The bridge was so still the ventilation fans and, in JR’s personal perception, the beat of his own heart, were the only background noise. He watched as the Old Man finished his statement and handed the mike to Com 1, who rose from his chair.
Others rose. In JR’s personal memory there had never been such a mass diversion of attention—when for a handful of seconds only Helm was minding the ship.
There were handshakes, well-wishes. There were tear-tracks on no few faces. There was a rare embrace, Madison of the Old Man.
And the Old Man, among others, came to JR to offer a hand in official congratulation. The Old Man’s grip was dry and cool in the way of someone so old.
“Bucklin will sit hereafter as first observer,” the Old Man said. “Jamie. You’ve grown halfway to the name.”

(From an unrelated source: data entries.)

(* Let $\mathcal{X}\subset\mathbb{R}^d$ be compact, $k$ a kernel with $k(x,y)\le1$ for all $x,y$, $\sigma>0$, and $f\in\mathcal{H}_k$. Run Algorithm 3 with observations $y_t=f(x_t)$ (i.e. $h=f$, $g=0$): $x_t\in\arg\max_{x\in\mathcal{X}}\widehat m_{t-1}(x)+\|f\|_{\mathcal{H}_k}\widehat\sigma_{t-1}(x)$, assuming maximizers exist and the points $x_1,\dots,x_T$ are pairwise distinct. Let $C_1=\frac{8}{\log(1+\sigma^{-2})}$. Then $$R_T\le\|f\|_{\mathcal{H}_k}\sqrt{TC_1\gamma_T}+2T\|f\|_{\mathcal{H}_k}\sigma,\qquad r_T\le\|f\|_{\mathcal{H}_k}\sqrt{\frac{C_1\gamma_T}{T}}+2\|f\|_{\mathcal{H}_k}\sigma.$$
   Context: $\mathbf{k}_t(x)=[k(x,x_i)]_{i\le t}$, $\mathbf{K}_t=[k(x_i,x_j)]_{i,j\le t}$, $\mathbf{y}_t=[y_i]_{i\le t}$, $\widehat m_t(x)=\mathbf{k}_t(x)^T(\mathbf{K}_t+\sigma^2I)^{-1}\mathbf{y}_t$, $\widehat\sigma_t^2(x)=k(x,x)-\mathbf{k}_t(x)^T(\mathbf{K}_t+\sigma^2I)^{-1}\mathbf{k}_t(x)$, $\widehat m_0\equiv0$, $\widehat\sigma_0^2(x)=k(x,x)$. $x^*\in\arg\max_{\mathcal{X}}f$; $R_T=\sum_{t=1}^T(f(x^* )-f(x_t))$; $r_T=f(x^* )-\max_{t\le T}f(x_t)$; $\gamma_T=\max_{x_1,\dots,x_T\in\mathcal{X}}\frac12\log\det(\mathbf{I}_T+\sigma^{-2}\mathbf{K}_T)$. *)

theory Defs
  imports "HOL-Analysis.Analysis" "Jordan_Normal_Form.Determinant"
begin

definition kernel_on :: "('a \<Rightarrow> 'a \<Rightarrow> real) \<Rightarrow> 'a set \<Rightarrow> bool" where
  "kernel_on k X \<longleftrightarrow> (\<forall>x\<in>X. \<forall>y\<in>X. k x y = k y x) \<and>
     (\<forall>ps :: (real \<times> 'a) list. set (map snd ps) \<subseteq> X \<longrightarrow>
        (\<Sum>i<length ps. \<Sum>j<length ps. fst (ps!i) * fst (ps!j) * k (snd (ps!i)) (snd (ps!j))) \<ge> 0)"

text \<open>Elements of the pre-RKHS span{k(.,x) : x in X} are represented by finite lists of
  (coefficient, centre) pairs.\<close>
definition pre_eval :: "('a \<Rightarrow> 'a \<Rightarrow> real) \<Rightarrow> (real \<times> 'a) list \<Rightarrow> 'a \<Rightarrow> real" where
  "pre_eval k ps x = (\<Sum>i<length ps. fst (ps!i) * k x (snd (ps!i)))"

definition pre_norm_sq :: "('a \<Rightarrow> 'a \<Rightarrow> real) \<Rightarrow> (real \<times> 'a) list \<Rightarrow> real" where
  "pre_norm_sq k ps = (\<Sum>i<length ps. \<Sum>j<length ps. fst (ps!i) * fst (ps!j) * k (snd (ps!i)) (snd (ps!j)))"

definition pre_diff :: "(real \<times> 'a) list \<Rightarrow> (real \<times> 'a) list \<Rightarrow> (real \<times> 'a) list" where
  "pre_diff ps qs = ps @ map (\<lambda>(c, x). (- c, x)) qs"

definition rkhs_approx :: "('a \<Rightarrow> 'a \<Rightarrow> real) \<Rightarrow> 'a set \<Rightarrow> ('a \<Rightarrow> real) \<Rightarrow> (nat \<Rightarrow> (real \<times> 'a) list) \<Rightarrow> bool" where
  "rkhs_approx k X f s \<longleftrightarrow> (\<forall>n. set (map snd (s n)) \<subseteq> X) \<and>
     (\<forall>e>0. \<exists>N. \<forall>m\<ge>N. \<forall>n\<ge>N. pre_norm_sq k (pre_diff (s m) (s n)) < e) \<and>
     (\<forall>x\<in>X. (\<lambda>n. pre_eval k (s n) x) \<longlonglongrightarrow> f x)"

definition in_rkhs :: "('a \<Rightarrow> 'a \<Rightarrow> real) \<Rightarrow> 'a set \<Rightarrow> ('a \<Rightarrow> real) \<Rightarrow> bool" where
  "in_rkhs k X f \<longleftrightarrow> (\<exists>s. rkhs_approx k X f s)"

definition rkhs_norm :: "('a \<Rightarrow> 'a \<Rightarrow> real) \<Rightarrow> 'a set \<Rightarrow> ('a \<Rightarrow> real) \<Rightarrow> real" where
  "rkhs_norm k X f = lim (\<lambda>n. sqrt (pre_norm_sq k ((SOME s. rkhs_approx k X f s) n)))"

definition inv_mat :: "real mat \<Rightarrow> real mat" where
  "inv_mat A = (SOME B. B \<in> carrier_mat (dim_row A) (dim_row A) \<and>
      A * B = 1\<^sub>m (dim_row A) \<and> B * A = 1\<^sub>m (dim_row A))"

text \<open>Data: points xs 1, ..., xs t and observations ys 1, ..., ys t (1-indexed).\<close>
definition kvec :: "('a \<Rightarrow> 'a \<Rightarrow> real) \<Rightarrow> (nat \<Rightarrow> 'a) \<Rightarrow> nat \<Rightarrow> 'a \<Rightarrow> real vec" where
  "kvec k xs t x = vec t (\<lambda>i. k x (xs (Suc i)))"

“A long way to go, sir,” JR said. “I’ll pass that word, to Bucklin, sir. Thank you.”
The Old Man quietly turned and began to leave the bridge, then.
And stopped at the very last, and looked at all of them, an image that fractured in JR’s next, desperately withheld blink.
“I’ll be in my office,” the Old Man said gruffly. “Don’t expect otherwise.”
Then he walked on, and command passed. JR felt his hands cold and his voice unreliable.
“Carry on,” Madison said. “Alan?”
Third shift left their posts. Fourth moved to take their places.
His crew, now. Helm 4 was gray-haired Victoria Inez. She’d be there, competent, quiet, steady. Not their best combat pilot: that was Hans, Helm 1. But if you wanted the velvet touch, the finesse to put a leviathan flawlessly into dock, that was Vickie.
The other captains left the bridge. The little confusion of shift change gave way to silence, the congestion in JR’s throat cleared with the simple knowledge work had to be done.
JR walked to the command station, reached down and flicked the situation display to number one screen. “Helm,” he said as steadily as he had in him. “And Nav. Synch and stand by.”
“Yessir,” the twin acknowledgements came to him.
He looked at the displays, the assurance of a deep, still space in which the radiation of the point itself was the loudest presence, louder than the constant output of the stars. They could still read the signature of two ships that had passed here on the same track, noisy, making haste.
No shots had been fired. Champlain had wasted no time in ambush.
Boreale had wasted no time in pursuit. The action, whatever it was, was at Esperance.
Before now, he’d made his surmises merely second-guessing the captain on the bridge. Now he had to act on them.
“Armscomp.”
“Yessir.”
“Synch with Nav and Helm, likeliest exit point for Champlain . Weapons ready Red.”